A wide array of transactions between a private foundation and its donors, officers or other affiliated persons (defined as "disqualified persons") are considered to be acts of "self-dealing." These transactions are subject to special rules and may give rise to serious tax consequences.
Payment of compensation to a disqualified person is one common type of self-dealing transaction. There is, however, an important exception to the self-dealing rules if the compensation paid to the disqualified person is for the performance of reasonable and necessary services rendered in carrying out the affairs of the foundation. Services are "necessary" if they are essential to the conduct of foundation activities. The compensation is "reasonable" if it is comparable to that ordinarily paid for similar services by similar enterprises under similar circumstances.
The most appropriate comparisons are to similarly-situated foundations.
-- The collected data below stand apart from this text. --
lemma norm_neumann_term_le: "cmod ((-1) ^ Suc n * Wpow n i j) \<le> snorm nB \<alpha>0 (Wpow n)"
  using norm_entry_le_snorm[OF Wpow_Ms_\<alpha>0] \<alpha>0_pos by (simp add: norm_mult norm_power)

lemma R_Ms:
  assumes "0 \<le> t" and Wpow: "\<And>n. Wpow n \<in> Ms B nB t"
    and summable: "(\<lambda>n. snorm nB t (Wpow n)) summable_on UNIV"
  shows "R \<in> Ms B nB t \<and> snorm nB t R \<le> (\<Sum>\<^sub>\<infinity>n. snorm nB t (Wpow n))"
proof -
  have "(\<lambda>i j. (-1) ^ Suc n * Wpow n i j) \<in> Ms B nB t \<and>
        snorm nB t (\<lambda>i j. (-1) ^ Suc n * Wpow n i j) = snorm nB t (Wpow n)" for n
    using Ms_scale[OF Wpow, of "(-1) ^ Suc n" n] by (simp add: norm_power)
  then show ?thesis
    unfolding R_def using Ms_infsum[of "\<lambda>n i j. (-1) ^ Suc n * Wpow n i j" t] assms(1) summable
    by presburger
qed

lemma R_Ms_\<alpha>0: "R \<in> Ms B nB \<alpha>0" and snorm_R_\<alpha>0_le: "snorm nB \<alpha>0 R \<le> 1 / 124"
  using R_Ms[OF _ Wpow_Ms_\<alpha>0 conjunct1[OF snorm_Wpow_\<alpha>0_summable]] snorm_Wpow_\<alpha>0_summable \<alpha>0_pos
  by auto

lemma R_Ms_s: "R \<in> Ms B nB s" and snorm_R_le: "snorm nB s R \<le> 2 * K1 TYPE('d) \<alpha>0 s * snorm nB s W"
  using R_Ms[OF _ Wpow_Ms conjunct1[OF snorm_Wpow_summable]] snorm_Wpow_summable \<alpha>0_pos s
  by auto

lemma R_eq: "R i j = - W i j - (\<Sum>\<^sub>\<infinity>n. (-1) ^ Suc n * Wpow (Suc n) i j)"
proof -
  have "(\<lambda>n. norm ((-1) ^ Suc n * Wpow n i j)) summable_on UNIV"
    by (rule summable_on_comparison_test[OF conjunct1[OF snorm_Wpow_\<alpha>0_summable] norm_neumann_term_le])
      simp
  then have "(\<lambda>n. (-1) ^ Suc n * Wpow n i j) summable_on UNIV"
    by (rule abs_summable_summable)
  then have "R i j = (-1) ^ Suc 0 * Wpow 0 i j + (\<Sum>\<^sub>\<infinity>n. (-1) ^ Suc (Suc n) * Wpow (Suc n) i j)"
    unfolding R_def by (rule infsum_split_first)
  also have "(\<Sum>\<^sub>\<infinity>n. (-1) ^ Suc (Suc n) * Wpow (Suc n) i j) = - (\<Sum>\<^sub>\<infinity>n. (-1) ^ Suc n * Wpow (Suc n) i j)"
    by (simp add: infsum_uminus)
  finally show ?thesis
    by (simp add: Wpow_0)
qed

lemma mmult_W_R: "mmult W R = (\<lambda>i j. - W i j - R i j)"
proof (intro ext)
  fix i j
  have "mmult W R i j = (\<Sum>\<^sub>\<infinity>n. mmult W (\<lambda>l j. (-1) ^ Suc n * Wpow n l j) i j)"
    unfolding R_def
    by (rule mmult_infsum_right[OF W_Ms_\<alpha>0 norm_neumann_term_le conjunct1[OF snorm_Wpow_\<alpha>0_summable]])
  also have "\<dots> = (\<Sum>\<^sub>\<infinity>n. (-1) ^ Suc n * Wpow (Suc n) i j)"
    unfolding mmult_scale_right Wpow_Suc ..
  finally show "mmult W R i j = - W i j - R i j"
    using R_eq[of i j] by simp
qed

lemma Wpow_mult_W: "mmult (Wpow n) W = Wpow (Suc n)"
proof (induction n)
  case 0
  then show ?case
    by (simp add: Wpow_0 Wpow_Suc)
next
  case (Suc n)
  then show ?case
    using mmult_assoc[OF W_Ms_\<alpha>0 Wpow_Ms_\<alpha>0 W_Ms_\<alpha>0, of n] by (simp add: Wpow_Suc)
qed

lemma mmult_R_W: "mmult R W = (\<lambda>i j. - W i j - R i j)"
proof (intro ext)
  fix i j
  have "mmult R W i j = (\<Sum>\<^sub>\<infinity>n. mmult (\<lambda>i l. (-1) ^ Suc n * Wpow n i l) W i j)"
    unfolding R_def
    by (rule mmult_infsum_left[OF W_Ms_\<alpha>0 norm_neumann_term_le conjunct1[OF snorm_Wpow_\<alpha>0_summable]])
  also have "\<dots> = (\<Sum>\<^sub>\<infinity>n. (-1) ^ Suc n * Wpow (Suc n) i j)"
    unfolding mmult_scale_left Wpow_mult_W ..
  finally show "mmult R W i j = - W i j - R i j"
    using R_eq[of i j] by simp
qed

lemma neumann_inverse:
  "mmult (madd Imat W) (madd Imat R) = Imat" "mmult (madd Imat R) (madd Imat W) = Imat"
proof -
  have "madd (madd W R) (mmult W R) = (\<lambda>_ _. 0)" "madd (madd R W) (mmult R W) = (\<lambda>_ _. 0)"
    unfolding mmult_W_R mmult_R_W by (simp_all add: madd_def)
  moreover have "madd Imat (\<lambda>_ _. 0) = Imat"
    by (simp add: madd_def)
  ultimately show "mmult (madd Imat W) (madd Imat R) = Imat" "mmult (madd Imat R) (madd Imat W) = Imat"
    unfolding mmult_Imat_plus[OF W_Ms_\<alpha>0 R_Ms_\<alpha>0] mmult_Imat_plus[OF R_Ms_\<alpha>0 W_Ms_\<alpha>0] by simp_all
qed

end

theorem lemma4p9:
  fixes B :: "'d::finite sq set" and nB :: "'d sq \<Rightarrow> real"
    and \<alpha>0 s C0 :: real and W :: "'d mat"
  assumes BA: "seq_banach_algebra B nB"
    and a0: "\<alpha>0 > real CARD('d) / 2"
    and C0: "C0 = K0 TYPE('d) \<alpha>0 + K1 TYPE('d) \<alpha>0 \<alpha>0"
    and s: "s \<ge> \<alpha>0"
    and W: "W \<in> Ms B nB s"
    and small: "4 * C0\<^sup>2 * snorm nB \<alpha>0 W \<le> 1 / 2"
  shows "\<exists>U \<in> Ms B nB s.
           mmult (madd Imat W) U = Imat \<and> mmult U (madd Imat W) = Imat \<and>
           (s > \<alpha>0 \<longrightarrow> snorm nB s U \<le> 1 + 2 * K1 TYPE('d) \<alpha>0 s * snorm nB s W) \<and>
           snorm nB \<alpha>0 U \<le> 2 \<and>
           snorm nB s (mdiff U Imat) \<le> 2 * K1 TYPE('d) \<alpha>0 s * snorm nB s W"
proof -
  interpret small_perturbation B nB \<alpha>0 s C0 W
    by unfold_locales (use BA a0 C0 s W small in auto)
  have U_s: "madd Imat R \<in> Ms B nB s" "snorm nB s (madd Imat R) \<le> 1 + snorm nB s R"
    using Ms_madd[OF Imat_Ms R_Ms_s] snorm_Imat by auto
  have "snorm nB \<alpha>0 (madd Imat R) \<le> 1 + snorm nB \<alpha>0 R"
    using Ms_madd[OF Imat_Ms R_Ms_\<alpha>0] snorm_Imat by auto
  moreover have "mdiff (madd Imat R) Imat = R"
    by (simp add: mdiff_def madd_def)
  ultimately show ?thesis
    using U_s neumann_inverse snorm_R_le snorm_R_\<alpha>0_le by (intro bexI[of _ "madd Imat R"]) auto
qed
Since all private foundations and public charities are required to disclose (upon request) the compensation of the five highest paid foundation employees and independent contractors, as well as the compensation of each officer, director, trustee and foundation manager, comparability information may be readily available. A website (http://fdncenter.org) makes the process even easier by providing on-line IRS Forms 990 PF filed by private foundations. The Council on Foundations also publishes a biennial Foundation Management report, which contains private foundation compensation levels by size of foundation, position and area of the country. The Council also provides on-line help to foundations looking to locate similar foundations in their geographical area (http://www.cof.org). Council members can obtain salary tables and administrative expense data via that website.
Non-compliance with these rules (even if inadvertent) may have harsh tax consequences. Any amount of self-dealing (even $1 in a $1,000,000 transaction) can cause a problem. A two-fold excise tax may apply (a 5% tax on the recipient, and a 21/2% tax on every manager who participated in the transaction). The act of self-dealing may result in loss of tax-exempt status since the transaction constitutes private inurement, i.e., the use of foundation funds for private, rather than charitable, purposes.
In short, private foundations may pay appropriate compensation to disqualified persons. But the foundation must proceed carefully in so doing in order to avoid excise tax exposure and the possible loss of tax-exempt status. The foundation should therefore regularly undertake and document sufficient due diligence, with the assistance of its tax attorney, to establish the reasonableness of the compensation paid.